The current BioWatch system model has also catalyzed significant dialogue and discussion concerning public risk messaging before, during, and after report of a credible BAR. Although specific BioWatch system operational logistics and geographic placement of the air-monitoring network are considered FOUO and law enforcement sensitive, the endorsement and encouragement by the BioWatch Program Office for accurate and transparent risk communication to the public has been recognized as essential to the program mission and success. The use of Joint Information Centers’ risk-messaging templates and engagement of public information officers within BioWatch jurisdictions in preplanning and product evaluation is evidence of this priority.
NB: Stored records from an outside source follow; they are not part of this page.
lemma prob_space_cube_integral_le:
  assumes "prob_space \<mu>" and "\<forall>x\<in>cube c h. g x \<le> e"
  shows "(\<integral>\<^sup>+ x. indicator (cube c h) x * ennreal (g x) \<partial>\<mu>) \<le> ennreal e"
proof -
  have "(\<integral>\<^sup>+ x. indicator (cube c h) x * ennreal (g x) \<partial>\<mu>) \<le> (\<integral>\<^sup>+ x. ennreal e \<partial>\<mu>)"
    using assms(2) by (intro nn_integral_mono) (auto simp: indicator_def ennreal_leI)
  also have "\<dots> = ennreal e" using assms(1) by (simp add: prob_space.emeasure_space_1)
  finally show ?thesis .
qed

lemma Mset_cube_integral_eventually_le_no_y:
  fixes g :: "nat \<Rightarrow> real^'n \<Rightarrow> real"
  assumes N: "finite N" and e: "e > 0"
    and near: "\<And>x. x \<in> cube c h \<Longrightarrow> \<exists>x0\<in>N. \<forall>n. g n x \<le> g n x0 + e / 3"
    and lim: "\<And>x. (\<lambda>n. g n x) \<longlonglongrightarrow> 0"
  shows "eventually (\<lambda>n. (SUP \<mu>\<in>Mset {} \<gamma> c h S \<eta>.
      \<integral>\<^sup>+ x. indicator (cube c h) x * ennreal (g n x) \<partial>\<mu>) \<le> ennreal e) sequentially"
proof -
  have "eventually (\<lambda>n. \<forall>x0\<in>N. g n x0 < e / 3) sequentially"
    using N e by (intro eventually_ball_finite ballI order_tendstoD(2)[OF lim]) auto
  then show ?thesis
  proof eventually_elim
    case (elim n)
    have "\<forall>x\<in>cube c h. g n x \<le> e"
    proof
      fix x assume "x \<in> cube c h"
      then obtain x0 where "x0 \<in> N" "g n x \<le> g n x0 + e / 3" using near by blast
      with elim e show "g n x \<le> e" by fastforce
    qed
    then show ?case
      by (intro SUP_least prob_space_cube_integral_le) (auto simp: Mset_def borel_prob_def)
  qed
qed
(* Let $\mathbb{P}$ be a probability measure on a space $\mathcal{Z}$, $L\colon\mathcal{Z}\to\mathbb{R}$, $\gamma>0$, and $\varphi\in\Phi$. Consider the problem $$\min_{\rho\colon\mathcal{Z}\to\mathbb{R}_{\ge0}}\ \mathbb{E}_{\mathbb{P}}[\rho(\mathsf{Z})L(\mathsf{Z})]+\gamma\,D_\varphi(\rho\cdot\mathbb{P}\,\|\,\mathbb{P})\quad\text{s.t.}\quad\mathbb{E}_{\mathbb{P}}[\rho(\mathsf{Z})]=1.$$ Suppose there exists $b\in\mathbb{R}$ such that: $\mathbb{E}_{\mathbb{P}}[(\gamma\varphi_\uparrow)^*(b-L(\mathsf{Z}))]<+\infty$; the right derivative $(\varphi^* )'_+$ exists $\mathbb{P}$-almost surely at $\frac{b-L(\mathsf{Z})}{\gamma}$; $$\mathbb{E}_{\mathbb{P}}\Big[\Big|(\gamma\varphi_\uparrow)^*(b-L(\mathsf{Z}))-\max\Big\{0,(\varphi^* )'_+\Big(\tfrac{b-L(\mathsf{Z})}{\gamma}\Big)\Big\}\cdot(b-L(\mathsf{Z}))\Big|\Big]<+\infty;$$ and $\mathbb{E}_{\mathbb{P}}\big[\max\{0,(\varphi^* )'_+(\tfrac{b-L(\mathsf{Z})}{\gamma})\}\big]=1$. Then an optimal ratio of the problem is $$\rho^\star(z)=\max\Big\{0,(\varphi^* )'_+\Big(\frac{b-L(z)}{\gamma}\Big)\Big\}.$$
   Context: $\Phi$ is the set of proper convex lower semi-continuous $\varphi\colon\mathbb{R}\to(-\infty,+\infty]$ with $\varphi(1)=0$ and $\varphi(\mathbb{R}_{\ge0})\subset\mathbb{R}$. The $\varphi$-divergence is $D_\varphi(\mathbb{P}'\|\mathbb{Q})=\int\varphi(\tfrac{\mathrm{d}\mathbb{P}'}{\mathrm{d}\mathbb{Q}})\,\mathrm{d}\mathbb{Q}$. $\varphi_\uparrow(x)=\varphi(x)$ for $x\ge0$ and $+\infty$ for $x<0$. The convex conjugate is $g^*(p)=\sup_{x\in\mathbb{R}}\{xp-g(x)\}$, and $g'_+(x)=\lim_{h\downarrow0}(g(x+h)-g(x))/h$ is the right derivative. *)

theory Defs
  imports "HOL-Probability.Probability"
begin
The BioWatch program as implemented at the local level represents environmental biosurveillance that engages an array of public health expertise that convenes human and animal epidemiology, laboratory analytical methodologies, and environmental health practice. This comprehensive approach, further strengthened by partnerships with EMS, private health care, law enforcement, and emergency management agencies along with interjurisdictional considerations, results in BioWatch inhabiting a unique niche within the traditional PHEP paradigm. The BioWatch program is value added in creating and reinforcing a regional, collaborative, and cross-disciplinary model for bioevent preparedness and response.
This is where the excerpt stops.